As a followup to a session on testing challenges earlier in the day, Josef Bacik led a discussion on best practices for testing in a combined storage and filesystem session at the 2022 Linux Storage, Filesystem, Memory-management and BPF Summit (LSFMM). There are a number of ways that developers can collaborate on improving the testing landscape using fstests and blktests, starting with gathering and sharing information about which tests are expected to pass and fail. That information depends on a lot of different factors, including kernel version and configuration, fstest options, and more.

Existing testing

Bacik began by briefly describing the testing setup that he uses for Btrfs, which continuously runs fstests. There is a dashboard web site that shows the test runs and failures, along with which configurations are affected. "That has been huge", he said; it has been running for a year at this point.

He noted that Luis Chamberlain runs tests in a loop a thousand times, but Bacik's methodology is to simply run them once. Over the year they have been running that way, he has gathered a list of which tests are flaky; he then fixed many of the flaky tests to make them more reliable. Both types of testing are valid and useful, Bacik said, but his approach has given him the "best bang for the buck" for his needs.

Ted Ts'o said that for finding bugs, he trusts fstests much more than "soaking in linux-next"; he only rarely finds bugs from linux-next testing. Fstests are "way more nitpicky", so a 15% failure rate on an fstest will correspond to a real bug, generally, but not one that users will encounter, even on the most stressful production workloads. That is part of the reason that he is not hugely concerned when there is an fstest failing sporadically. He would love to be able to fix all of the problems that he sees, but realistically, that is not possible; he does not have the time or the engineers on his team to do so. It is an "uncomfortable truth" that is difficult for new users of fstests to understand.

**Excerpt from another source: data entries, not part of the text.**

(* Let $G$ be a finite abelian group, let $G_1,\dots,G_n,H$ be subgroups of $G$, and fix a character $\chi$ on $G$. Let $K=\bigcap_{i=1}^nG_i$. Then the number of tuples $(\chi_1,\dots,\chi_n)\in\widehat{G}^n$ such that $\chi_i(g)=1$ for all $g\in G_i$ and all $1\le i\le n$, and $\bigl(\prod_{i=1}^n\chi_i\bigr)(h)=\chi(h)$ for all $h\in H$, equals \[ \frac{|H\cap K|}{|H|}\cdot\prod_{i=1}^n\frac{|G|}{|G_i|}\cdot\llbracket\chi(H\cap K)=1\rrbracket. \]
   Context: $\widehat{G}$ is the group of characters (homomorphisms to the complex unit circle) of $G$. $\llbracket P\rrbracket$ is $1$ if $P$ holds and $0$ otherwise; $\chi(H\cap K)=1$ means $\chi$ is trivial on $H\cap K$. *)

theory Defs
  imports Complex_Main "HOL-Algebra.Coset"
begin

text \<open>To make the set of characters a well-defined set of functions (for counting),
  characters are required to be 0 outside the carrier.\<close>
definition character :: "('a, 'b) monoid_scheme \<Rightarrow> ('a \<Rightarrow> complex) \<Rightarrow> bool" where
  "character G \<chi> \<longleftrightarrow>
     (\<forall>x\<in>carrier G. \<forall>y\<in>carrier G. \<chi> (x \<otimes>\<^bsub>G\<^esub> y) = \<chi> x * \<chi> y) \<and>
     (\<forall>x\<in>carrier G. cmod (\<chi> x) = 1) \<and>
     (\<forall>x. x \<notin> carrier G \<longrightarrow> \<chi> x = 0)"

definition characters :: "('a, 'b) monoid_scheme \<Rightarrow> ('a \<Rightarrow> complex) set" where
  "characters G = {\<chi>. character G \<chi>}"

end

theory Submission
  imports Defs "HOL-Library.FuncSet" "HOL-Algebra.FiniteProduct"
begin

(* A tuple with chi_i trivial on G_i is a tuple of elements of the
   annihilators G_i^perp, and the condition on H is detected by the average over H of
   (prod chi_i) * conj chi, which is 1 or 0.  Exchanging the sums, the sum of c h over c in G_i^perp
   is |G|/|G_i| if h is in G_i and 0 otherwise, so only h in H \<inter> K survive, and the average of
   conj chi over the subgroup H \<inter> K is the indicator of chi being trivial there.

   The two facts about annihilators used, |S^perp| * |S| = |G| and that S^perp separates the
   points outside S, come from counting extensions: if g is not in S and m is the order of g
   modulo S, a character phi of S has exactly m extensions to the subgroup generated by S and g,
   as the value at g can be any m-th root of phi (g^m). *)

definition characters_on :: "('a, 'b) monoid_scheme \<Rightarrow> 'a set \<Rightarrow> ('a \<Rightarrow> complex) set" where
  "characters_on G S = {f. (\<forall>x\<in>S. \<forall>y\<in>S. f (x \<otimes>\<^bsub>G\<^esub> y) = f x * f y) \<and>
     (\<forall>x\<in>S. cmod (f x) = 1) \<and> (\<forall>x. x \<notin> S \<longrightarrow> f x = 0)}"

definition character_extensions ::
    "('a, 'b) monoid_scheme \<Rightarrow> 'a set \<Rightarrow> 'a set \<Rightarrow> ('a \<Rightarrow> complex) \<Rightarrow> ('a \<Rightarrow> complex) set" where
  "character_extensions G S T \<phi> = {\<psi> \<in> characters_on G T. \<forall>x\<in>S. \<psi> x = \<phi> x}"

definition annihilator :: "('a, 'b) monoid_scheme \<Rightarrow> 'a set \<Rightarrow> ('a \<Rightarrow> complex) set" where
  "annihilator G S = {c \<in> characters G. \<forall>s\<in>S. c s = 1}"

lemma characters_on_carrier: "characters_on G (carrier G) = characters G"
  unfolding characters_on_def characters_def character_def by simp

lemma characters_onD:
  assumes "f \<in> characters_on G S"
  shows characters_on_mult_hom: "\<And>x y. x \<in> S \<Longrightarrow> y \<in> S \<Longrightarrow> f (x \<otimes>\<^bsub>G\<^esub> y) = f x * f y"
    and characters_on_norm: "\<And>x. x \<in> S \<Longrightarrow> cmod (f x) = 1"
    and characters_on_outside: "\<And>x. x \<notin> S \<Longrightarrow> f x = 0"
  using assms by (auto simp: characters_on_def)
(* Let $\mathcal{X}=(X,d_X,\mu)$, $\mathcal{Y}=(Y,d_Y,\nu)$ be mm-spaces, $\lambda:\mathbb{R}_+\to\mathbb{R}$, $\rho>0$, $\epsilon\geq0$, and $D_\phi=\rho\,\mathrm{KL}$. Fix $\gamma\in\mathcal{M}_+(X\times Y)$. Then any $\pi\in\arg\min_\pi\big[\mathcal{F}(\pi,\gamma)+\epsilon\,\mathrm{KL}(\pi\otimes\gamma|(\mu\otimes\nu)^{\otimes2})\big]$ is a solution of $$\min_\pi\int c^\epsilon_\gamma(x,y)\,d\pi(x,y)+\rho\,m(\gamma)\mathrm{KL}(\pi_1|\mu)+\rho\,m(\gamma)\mathrm{KL}(\pi_2|\nu)+\epsilon\,m(\gamma)\mathrm{KL}(\pi|\mu\otimes\nu),$$ where $c^\epsilon_\gamma(x,y)=\int\lambda(|d_X(x,x')-d_Y(y,y')|)\,d\gamma(x',y')+\rho\int\log(\frac{d\gamma_1}{d\mu})d\gamma_1+\rho\int\log(\frac{d\gamma_2}{d\nu})d\gamma_2+\epsilon\int\log(\frac{d\gamma}{d(\mu\otimes\nu)})d\gamma$.
   Context: An mm-space is a complete separable metric space with a positive (finite) Borel measure. $m(\alpha)$ is the total mass of $\alpha$, and $\pi_1,\pi_2$ (resp. $\gamma_1,\gamma_2$) are the marginals of $\pi$ (resp. $\gamma$). $\mathrm{KL}(\alpha|\beta)=\int\log(\frac{d\alpha}{d\beta})d\alpha-m(\alpha)+m(\beta)$ if $\alpha\ll\beta$, $+\infty$ otherwise. $(\mu\otimes\nu)^{\otimes2}=(\mu\otimes\nu)\otimes(\mu\otimes\nu)$. $\mathcal{F}(\pi,\gamma)=\int\lambda(|d_X(x,x')-d_Y(y,y')|)\,d\pi(x,y)\,d\gamma(x',y')+D_\phi(\pi_1\otimes\gamma_1|\mu\otimes\mu)+D_\phi(\pi_2\otimes\gamma_2|\nu\otimes\nu)$. *)

theory Defs
  imports "HOL-Analysis.Analysis"
begin

text \<open>Extended integral of an extended-real valued function: positive part minus
  negative part (value in ereal; the Isabelle ereal convention is used when both
  parts are infinite).\<close>
definition eint :: "'a measure \<Rightarrow> ('a \<Rightarrow> ereal) \<Rightarrow> ereal" where
  "eint M f = enn2ereal (\<integral>\<^sup>+ x. e2ennreal (f x) \<partial>M)
              - enn2ereal (\<integral>\<^sup>+ x. e2ennreal (- f x) \<partial>M)"

definition mass :: "'a measure \<Rightarrow> real" where
  "mass M = measure M (space M)"

definition logint :: "'a measure \<Rightarrow> 'a measure \<Rightarrow> ereal" where
  "logint \<alpha> \<beta> = (if sets \<alpha> = sets \<beta> \<and> absolutely_continuous \<beta> \<alpha>
     then eint \<alpha> (\<lambda>x. ereal (ln (enn2real (RN_deriv \<beta> \<alpha> x)))) else \<infinity>)"

definition KL :: "'a measure \<Rightarrow> 'a measure \<Rightarrow> ereal" where
  "KL \<alpha> \<beta> = (if sets \<alpha> = sets \<beta> \<and> absolutely_continuous \<beta> \<alpha>
     then logint \<alpha> \<beta> - ereal (mass \<alpha>) + ereal (mass \<beta>) else \<infinity>)"

definition marg1 :: "('a \<times> 'b) measure \<Rightarrow> 'a::topological_space measure" where
  "marg1 \<pi> = distr \<pi> borel fst"
definition marg2 :: "('a \<times> 'b) measure \<Rightarrow> 'b::topological_space measure" where
  "marg2 \<pi> = distr \<pi> borel snd"

definition Mplus :: "'a::topological_space measure set" where
  "Mplus = {M. sets M = sets borel \<and> finite_measure M}"

definition GWF :: "('a::metric_space \<Rightarrow> 'a \<Rightarrow> real) \<Rightarrow> ('b::metric_space \<Rightarrow> 'b \<Rightarrow> real)
   \<Rightarrow> 'a measure \<Rightarrow> 'b measure \<Rightarrow> (real \<Rightarrow> real) \<Rightarrow> real
   \<Rightarrow> ('a \<times> 'b) measure \<Rightarrow> ('a \<times> 'b) measure \<Rightarrow> ereal" where
  "GWF dX dY \<mu> \<nu> lam \<rho> \<pi> \<gamma> =
     eint (\<pi> \<Otimes>\<^sub>M \<gamma>) (\<lambda>((x,y),(x',y')). ereal (lam \<bar>dX x x' - dY y y'\<bar>))
     + ereal \<rho> * KL (marg1 \<pi> \<Otimes>\<^sub>M marg1 \<gamma>) (\<mu> \<Otimes>\<^sub>M \<mu>)
     + ereal \<rho> * KL (marg2 \<pi> \<Otimes>\<^sub>M marg2 \<gamma>) (\<nu> \<Otimes>\<^sub>M \<nu>)"

definition cost :: "('a::metric_space \<Rightarrow> 'a \<Rightarrow> real) \<Rightarrow> ('b::metric_space \<Rightarrow> 'b \<Rightarrow> real)
   \<Rightarrow> 'a measure \<Rightarrow> 'b measure \<Rightarrow> (real \<Rightarrow> real) \<Rightarrow> real \<Rightarrow> real
   \<Rightarrow> ('a \<times> 'b) measure \<Rightarrow> 'a \<times> 'b \<Rightarrow> ereal" where
  "cost dX dY \<mu> \<nu> lam \<rho> \<epsilon> \<gamma> = (\<lambda>(x,y).
     eint \<gamma> (\<lambda>(x',y'). ereal (lam \<bar>dX x x' - dY y y'\<bar>))
     + ereal \<rho> * logint (marg1 \<gamma>) \<mu>
     + ereal \<rho> * logint (marg2 \<gamma>) \<nu>
     + ereal \<epsilon> * logint \<gamma> (\<mu> \<Otimes>\<^sub>M \<nu>))"

end

theory Submission
  imports Defs
begin

text \<open>
  For finite measures the entropy integral of a product splits as
  \<open>\<integral>log(d(\<alpha>\<otimes>\<beta>)/d(\<mu>\<otimes>\<nu>)) d(\<alpha>\<otimes>\<beta>) = m(\<beta>) \<integral>log(d\<alpha>/d\<mu>) d\<alpha> + m(\<alpha>) \<integral>log(d\<beta>/d\<nu>) d\<beta>\<close>.
  Together with Tonelli for the \<open>\<lambda>\<close>-term this shows that, when the three entropies of \<open>\<gamma>\<close>
  are finite, the objective \<open>\<F>(\<pi>,\<gamma>) + \<epsilon> KL(\<pi>\<otimes>\<gamma>|(\<mu>\<otimes>\<nu>)\<^sup>2)\<close> equals the linearised
  functional plus a constant independent of \<open>\<pi>\<close>, at least for those \<open>\<pi>\<close> that integrate the
  positive part of the \<open>\<lambda>\<close>-cost; for the others the two functionals are not comparable in
  extended arithmetic. This restriction is removed by approximating a competitor by its
  restrictions to the sublevel sets of the positive cost: the cost integrals converge by
  monotone convergence, and discarding mass \<open>h\<close> from a measure increases its KL divergence
  from a reference measure of mass \<open>m\<close> by at most \<open>h - h log(h/m)\<close>, which tends to \<open>0\<close>.
  If some entropy of \<open>\<gamma>\<close> is infinite, the objective is finite only at null measures, so the
  minimiser is null, and every competitor is either null or has infinite cost.
\<close>

section \<open>Masses and extended integrals\<close>

lemma mass_nonneg: "0 \<le> mass M"
  by (simp add: mass_def)

lemma mass_eq_0_iff: "finite_measure M \<Longrightarrow> mass M = 0 \<longleftrightarrow> emeasure M (space M) = 0"
  by (simp add: mass_def finite_measure.emeasure_eq_measure)

lemma enn2ereal_diff_eq_diff:
  fixes A B C D :: ennreal
  assumes "A + D = B + C" and "(B \<noteq> \<infinity> \<and> D \<noteq> \<infinity>) \<or> (A \<noteq> \<infinity> \<and> C \<noteq> \<infinity>)"
  shows "enn2ereal A - enn2ereal B = enn2ereal C - enn2ereal D"
  using assms
  by (cases A rule: ennreal_cases; cases B rule: ennreal_cases;
      cases C rule: ennreal_cases; cases D rule: ennreal_cases)
     (auto simp flip: ennreal_plus simp: algebra_simps)

lemma ennreal_parts_of_sum:
  fixes u w :: real
  shows "ennreal (u + w) + ennreal (- u) + ennreal (- w) = ennreal (- (u + w)) + ennreal u + ennreal w"
proof -
  have part: "ennreal t = ennreal (max t 0)" for t by (simp add: ennreal_neg max_def)
  have "max (u + w) 0 + max (- u) 0 + max (- w) 0 = max (- (u + w)) 0 + max u 0 + max w 0"
    by (simp add: max_def)
  then show ?thesis
    by (subst (1 2 3 4 5 6) part) (simp flip: ennreal_plus)
qed

lemma eint_ereal:
  "eint M (\<lambda>x. ereal (u x)) =
     enn2ereal (\<integral>\<^sup>+x. ennreal (u x) \<partial>M) - enn2ereal (\<integral>\<^sup>+x. ennreal (- u x) \<partial>M)"
  by (simp add: eint_def)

Meanwhile, Ts'o said that he has files with lists of which tests he excludes, along with the reasons they are excluded. They also describe why the tests fail, which can be due to fstests bugs or simply flaky ext4 behavior. He would like to figure out where those files can be checked in so that others can benefit from that information. They are in his GitHub repository, but perhaps adding them to the kernel documentation with a "freshness date" would make more sense.

James Bottomley asked about the 0day testing bot for testing the linux-next kernels. Ts'o said that the bot only runs fstests for a single configuration for ext4, which generally runs cleanly. That configuration, which uses 4KB block sizes, is also the most-used configuration for production systems, but there are a total of 12 configurations that he tests. Bottomley suggested that making more use of the 0day bot would be worthwhile, but Ts'o worried about flaky tests causing lots of spurious regression reports "because the 0day bot got unlucky". But it is worth looking into, he said.

Bacik said he would like to see the community "move towards this new reality" where it is easy to tell what tests are expected to fail. For example, he has no idea what tests are expected to fail for ext4, so when he makes a change that impacts ext4, he does not know if any failures are due to that change. Chamberlain has exclude files for kdevops, but it would be good to have a place where filesystem developers can obtain the exclude files and update them as needed. The tests listed in those files can also be useful as an exercise for onboarding new engineers, he said; they can be asked to track down why a test is failing.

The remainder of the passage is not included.